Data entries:
..............................

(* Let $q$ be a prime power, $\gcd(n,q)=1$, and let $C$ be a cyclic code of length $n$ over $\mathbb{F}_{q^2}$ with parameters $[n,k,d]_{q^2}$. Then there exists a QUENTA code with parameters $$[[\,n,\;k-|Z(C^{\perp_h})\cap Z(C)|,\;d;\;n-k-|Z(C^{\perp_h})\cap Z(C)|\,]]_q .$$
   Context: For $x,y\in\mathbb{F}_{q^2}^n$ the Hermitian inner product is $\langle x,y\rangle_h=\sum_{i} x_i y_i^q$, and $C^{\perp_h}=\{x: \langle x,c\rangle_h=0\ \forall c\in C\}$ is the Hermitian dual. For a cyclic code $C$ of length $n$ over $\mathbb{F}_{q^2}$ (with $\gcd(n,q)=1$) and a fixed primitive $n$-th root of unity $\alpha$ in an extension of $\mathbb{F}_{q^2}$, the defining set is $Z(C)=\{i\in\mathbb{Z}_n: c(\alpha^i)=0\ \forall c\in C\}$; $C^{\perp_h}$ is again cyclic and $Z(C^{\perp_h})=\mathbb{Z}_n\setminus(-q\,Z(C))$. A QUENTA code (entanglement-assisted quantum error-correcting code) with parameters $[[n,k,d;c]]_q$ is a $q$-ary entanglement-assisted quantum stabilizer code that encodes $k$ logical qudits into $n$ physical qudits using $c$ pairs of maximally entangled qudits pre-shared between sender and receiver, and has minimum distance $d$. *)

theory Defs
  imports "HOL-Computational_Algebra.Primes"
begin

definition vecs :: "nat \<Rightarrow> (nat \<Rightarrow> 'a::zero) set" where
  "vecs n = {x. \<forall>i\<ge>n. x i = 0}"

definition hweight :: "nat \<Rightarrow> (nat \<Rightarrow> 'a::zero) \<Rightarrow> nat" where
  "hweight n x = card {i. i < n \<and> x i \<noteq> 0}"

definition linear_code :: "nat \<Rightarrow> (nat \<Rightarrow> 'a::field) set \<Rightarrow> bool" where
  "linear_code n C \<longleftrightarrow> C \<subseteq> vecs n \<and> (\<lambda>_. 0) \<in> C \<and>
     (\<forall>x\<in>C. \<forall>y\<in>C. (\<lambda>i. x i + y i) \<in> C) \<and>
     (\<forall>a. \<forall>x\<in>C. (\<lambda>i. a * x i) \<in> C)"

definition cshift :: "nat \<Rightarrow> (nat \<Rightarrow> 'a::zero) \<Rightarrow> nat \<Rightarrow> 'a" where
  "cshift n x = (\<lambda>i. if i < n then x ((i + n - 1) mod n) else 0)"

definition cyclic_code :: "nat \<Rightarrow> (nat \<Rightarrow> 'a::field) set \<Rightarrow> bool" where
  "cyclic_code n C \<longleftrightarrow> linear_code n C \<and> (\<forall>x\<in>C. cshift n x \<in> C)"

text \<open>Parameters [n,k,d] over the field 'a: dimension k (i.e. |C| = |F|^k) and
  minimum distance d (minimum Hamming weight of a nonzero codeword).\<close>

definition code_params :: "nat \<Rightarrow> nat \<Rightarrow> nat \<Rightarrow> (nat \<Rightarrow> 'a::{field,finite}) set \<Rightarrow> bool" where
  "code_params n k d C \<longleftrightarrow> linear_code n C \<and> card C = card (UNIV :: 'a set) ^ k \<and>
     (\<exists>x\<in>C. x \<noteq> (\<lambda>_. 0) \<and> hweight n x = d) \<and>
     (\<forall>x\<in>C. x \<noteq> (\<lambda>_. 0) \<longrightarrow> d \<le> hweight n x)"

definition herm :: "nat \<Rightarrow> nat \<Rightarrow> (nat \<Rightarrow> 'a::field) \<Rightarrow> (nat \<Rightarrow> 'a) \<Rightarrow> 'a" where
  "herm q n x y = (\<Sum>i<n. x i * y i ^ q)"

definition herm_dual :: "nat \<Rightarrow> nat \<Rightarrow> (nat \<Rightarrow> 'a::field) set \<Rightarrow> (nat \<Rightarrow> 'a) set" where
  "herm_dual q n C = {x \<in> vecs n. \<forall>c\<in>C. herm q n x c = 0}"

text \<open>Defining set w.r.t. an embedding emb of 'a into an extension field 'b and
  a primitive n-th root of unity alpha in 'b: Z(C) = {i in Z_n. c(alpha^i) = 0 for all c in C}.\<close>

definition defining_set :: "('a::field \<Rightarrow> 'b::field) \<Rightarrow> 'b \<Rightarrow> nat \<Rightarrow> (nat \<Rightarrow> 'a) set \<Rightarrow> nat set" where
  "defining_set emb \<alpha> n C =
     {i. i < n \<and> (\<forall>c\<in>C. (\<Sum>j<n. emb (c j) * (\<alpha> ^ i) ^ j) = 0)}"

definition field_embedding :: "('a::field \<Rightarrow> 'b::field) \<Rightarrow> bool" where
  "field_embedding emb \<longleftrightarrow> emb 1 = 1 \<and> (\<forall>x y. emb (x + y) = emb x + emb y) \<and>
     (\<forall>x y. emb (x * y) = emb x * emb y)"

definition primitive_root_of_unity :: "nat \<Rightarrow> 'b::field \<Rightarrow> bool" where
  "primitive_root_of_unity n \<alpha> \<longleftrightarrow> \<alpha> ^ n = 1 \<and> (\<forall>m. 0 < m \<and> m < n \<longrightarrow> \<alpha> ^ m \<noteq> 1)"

..............................

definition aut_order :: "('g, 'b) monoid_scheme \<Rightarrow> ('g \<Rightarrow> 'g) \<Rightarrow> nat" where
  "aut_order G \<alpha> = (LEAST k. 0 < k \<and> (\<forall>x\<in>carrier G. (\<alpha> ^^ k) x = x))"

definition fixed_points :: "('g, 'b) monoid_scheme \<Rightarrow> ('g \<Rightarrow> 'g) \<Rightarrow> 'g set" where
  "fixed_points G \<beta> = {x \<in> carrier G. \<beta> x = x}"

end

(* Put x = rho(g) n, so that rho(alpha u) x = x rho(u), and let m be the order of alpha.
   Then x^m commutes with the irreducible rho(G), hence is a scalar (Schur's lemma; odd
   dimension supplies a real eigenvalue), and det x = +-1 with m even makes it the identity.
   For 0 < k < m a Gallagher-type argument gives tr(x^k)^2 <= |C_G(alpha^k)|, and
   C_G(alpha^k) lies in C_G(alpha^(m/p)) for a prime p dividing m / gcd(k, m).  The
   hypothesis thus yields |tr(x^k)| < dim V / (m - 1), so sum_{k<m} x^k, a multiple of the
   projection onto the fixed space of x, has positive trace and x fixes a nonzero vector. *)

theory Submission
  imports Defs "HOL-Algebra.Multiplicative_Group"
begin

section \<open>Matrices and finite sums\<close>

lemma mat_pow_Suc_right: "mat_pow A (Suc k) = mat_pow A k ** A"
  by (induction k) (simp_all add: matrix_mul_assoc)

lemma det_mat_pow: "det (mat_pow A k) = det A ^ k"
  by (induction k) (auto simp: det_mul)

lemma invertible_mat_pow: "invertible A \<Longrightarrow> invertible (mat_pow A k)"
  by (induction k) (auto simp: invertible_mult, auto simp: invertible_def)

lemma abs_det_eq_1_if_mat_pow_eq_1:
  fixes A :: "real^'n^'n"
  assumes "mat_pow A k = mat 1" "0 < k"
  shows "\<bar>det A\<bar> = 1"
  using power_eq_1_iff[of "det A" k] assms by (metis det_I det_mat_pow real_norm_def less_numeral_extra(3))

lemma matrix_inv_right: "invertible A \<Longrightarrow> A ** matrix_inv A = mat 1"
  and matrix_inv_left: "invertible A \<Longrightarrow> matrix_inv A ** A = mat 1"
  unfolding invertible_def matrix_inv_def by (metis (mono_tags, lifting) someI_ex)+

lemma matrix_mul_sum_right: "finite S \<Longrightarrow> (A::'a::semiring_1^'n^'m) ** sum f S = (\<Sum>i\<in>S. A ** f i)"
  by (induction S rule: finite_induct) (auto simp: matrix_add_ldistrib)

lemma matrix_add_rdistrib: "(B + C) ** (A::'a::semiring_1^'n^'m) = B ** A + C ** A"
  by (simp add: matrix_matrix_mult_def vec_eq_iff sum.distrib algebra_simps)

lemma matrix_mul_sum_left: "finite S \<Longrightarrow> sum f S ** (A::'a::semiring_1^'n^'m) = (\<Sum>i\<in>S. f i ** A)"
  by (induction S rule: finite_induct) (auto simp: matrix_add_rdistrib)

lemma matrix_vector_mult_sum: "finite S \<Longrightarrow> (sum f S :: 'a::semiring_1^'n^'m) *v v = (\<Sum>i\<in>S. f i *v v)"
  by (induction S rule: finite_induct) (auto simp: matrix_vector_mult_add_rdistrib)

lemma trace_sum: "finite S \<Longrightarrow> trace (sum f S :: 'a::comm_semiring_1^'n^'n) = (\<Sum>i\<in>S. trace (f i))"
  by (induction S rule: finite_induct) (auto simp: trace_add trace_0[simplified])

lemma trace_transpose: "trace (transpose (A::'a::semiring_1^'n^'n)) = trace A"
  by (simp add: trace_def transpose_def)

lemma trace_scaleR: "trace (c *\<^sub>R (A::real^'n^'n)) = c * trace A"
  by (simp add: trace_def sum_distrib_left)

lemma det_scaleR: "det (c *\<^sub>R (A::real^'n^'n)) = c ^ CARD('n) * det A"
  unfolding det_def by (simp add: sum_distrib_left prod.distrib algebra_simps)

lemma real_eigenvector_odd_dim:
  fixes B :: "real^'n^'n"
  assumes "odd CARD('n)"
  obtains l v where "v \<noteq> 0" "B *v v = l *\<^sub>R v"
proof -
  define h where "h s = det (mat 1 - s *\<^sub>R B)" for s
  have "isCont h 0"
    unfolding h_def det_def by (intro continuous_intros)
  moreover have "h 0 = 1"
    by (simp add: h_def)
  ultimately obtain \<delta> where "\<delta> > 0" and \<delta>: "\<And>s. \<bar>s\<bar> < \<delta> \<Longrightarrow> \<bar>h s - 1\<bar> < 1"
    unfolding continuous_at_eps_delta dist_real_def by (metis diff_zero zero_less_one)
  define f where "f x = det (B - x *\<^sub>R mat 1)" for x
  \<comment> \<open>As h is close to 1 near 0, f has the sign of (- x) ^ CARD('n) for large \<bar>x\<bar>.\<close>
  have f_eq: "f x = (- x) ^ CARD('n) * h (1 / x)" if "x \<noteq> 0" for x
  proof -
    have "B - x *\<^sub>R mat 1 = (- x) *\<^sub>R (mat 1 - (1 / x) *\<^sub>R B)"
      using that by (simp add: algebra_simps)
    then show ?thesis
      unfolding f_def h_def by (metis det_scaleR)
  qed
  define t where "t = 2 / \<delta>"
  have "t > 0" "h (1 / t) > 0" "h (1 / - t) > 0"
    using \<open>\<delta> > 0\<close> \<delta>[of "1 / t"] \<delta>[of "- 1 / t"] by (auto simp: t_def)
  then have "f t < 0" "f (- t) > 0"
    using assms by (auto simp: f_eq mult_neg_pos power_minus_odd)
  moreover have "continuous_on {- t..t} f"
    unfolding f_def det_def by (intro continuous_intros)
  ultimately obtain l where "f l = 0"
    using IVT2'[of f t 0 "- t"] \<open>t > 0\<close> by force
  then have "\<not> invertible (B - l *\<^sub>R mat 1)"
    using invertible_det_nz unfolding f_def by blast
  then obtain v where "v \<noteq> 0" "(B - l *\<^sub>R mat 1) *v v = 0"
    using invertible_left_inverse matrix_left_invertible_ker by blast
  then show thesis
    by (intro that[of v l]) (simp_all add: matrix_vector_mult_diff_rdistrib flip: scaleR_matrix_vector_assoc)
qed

..............................

HOW TO COMPLETE THIS TASK.
Write down exactly the span of lines above from the one containing "(nat \<Rightarrow> 'a::zero) \<Rightarrow> nat \<Rightarrow>" to the one containing "(nat \<Rightarrow> 'a::field) \<Rightarrow>", both ends included.

TASK OUTPUT.
definition cshift :: "nat \<Rightarrow> (nat \<Rightarrow> 'a::zero) \<Rightarrow> nat \<Rightarrow> 'a" where
  "cshift n x = (\<lambda>i. if i < n then x ((i + n - 1) mod n) else 0)"

definition cyclic_code :: "nat \<Rightarrow> (nat \<Rightarrow> 'a::field) set \<Rightarrow> bool" where
  "cyclic_code n C \<longleftrightarrow> linear_code n C \<and> (\<forall>x\<in>C. cshift n x \<in> C)"

text \<open>Parameters [n,k,d] over the field 'a: dimension k (i.e. |C| = |F|^k) and
  minimum distance d (minimum Hamming weight of a nonzero codeword).\<close>

definition code_params :: "nat \<Rightarrow> nat \<Rightarrow> nat \<Rightarrow> (nat \<Rightarrow> 'a::{field,finite}) set \<Rightarrow> bool" where
  "code_params n k d C \<longleftrightarrow> linear_code n C \<and> card C = card (UNIV :: 'a set) ^ k \<and>
     (\<exists>x\<in>C. x \<noteq> (\<lambda>_. 0) \<and> hweight n x = d) \<and>
     (\<forall>x\<in>C. x \<noteq> (\<lambda>_. 0) \<longrightarrow> d \<le> hweight n x)"

definition herm :: "nat \<Rightarrow> nat \<Rightarrow> (nat \<Rightarrow> 'a::field) \<Rightarrow> (nat \<Rightarrow> 'a) \<Rightarrow> 'a" where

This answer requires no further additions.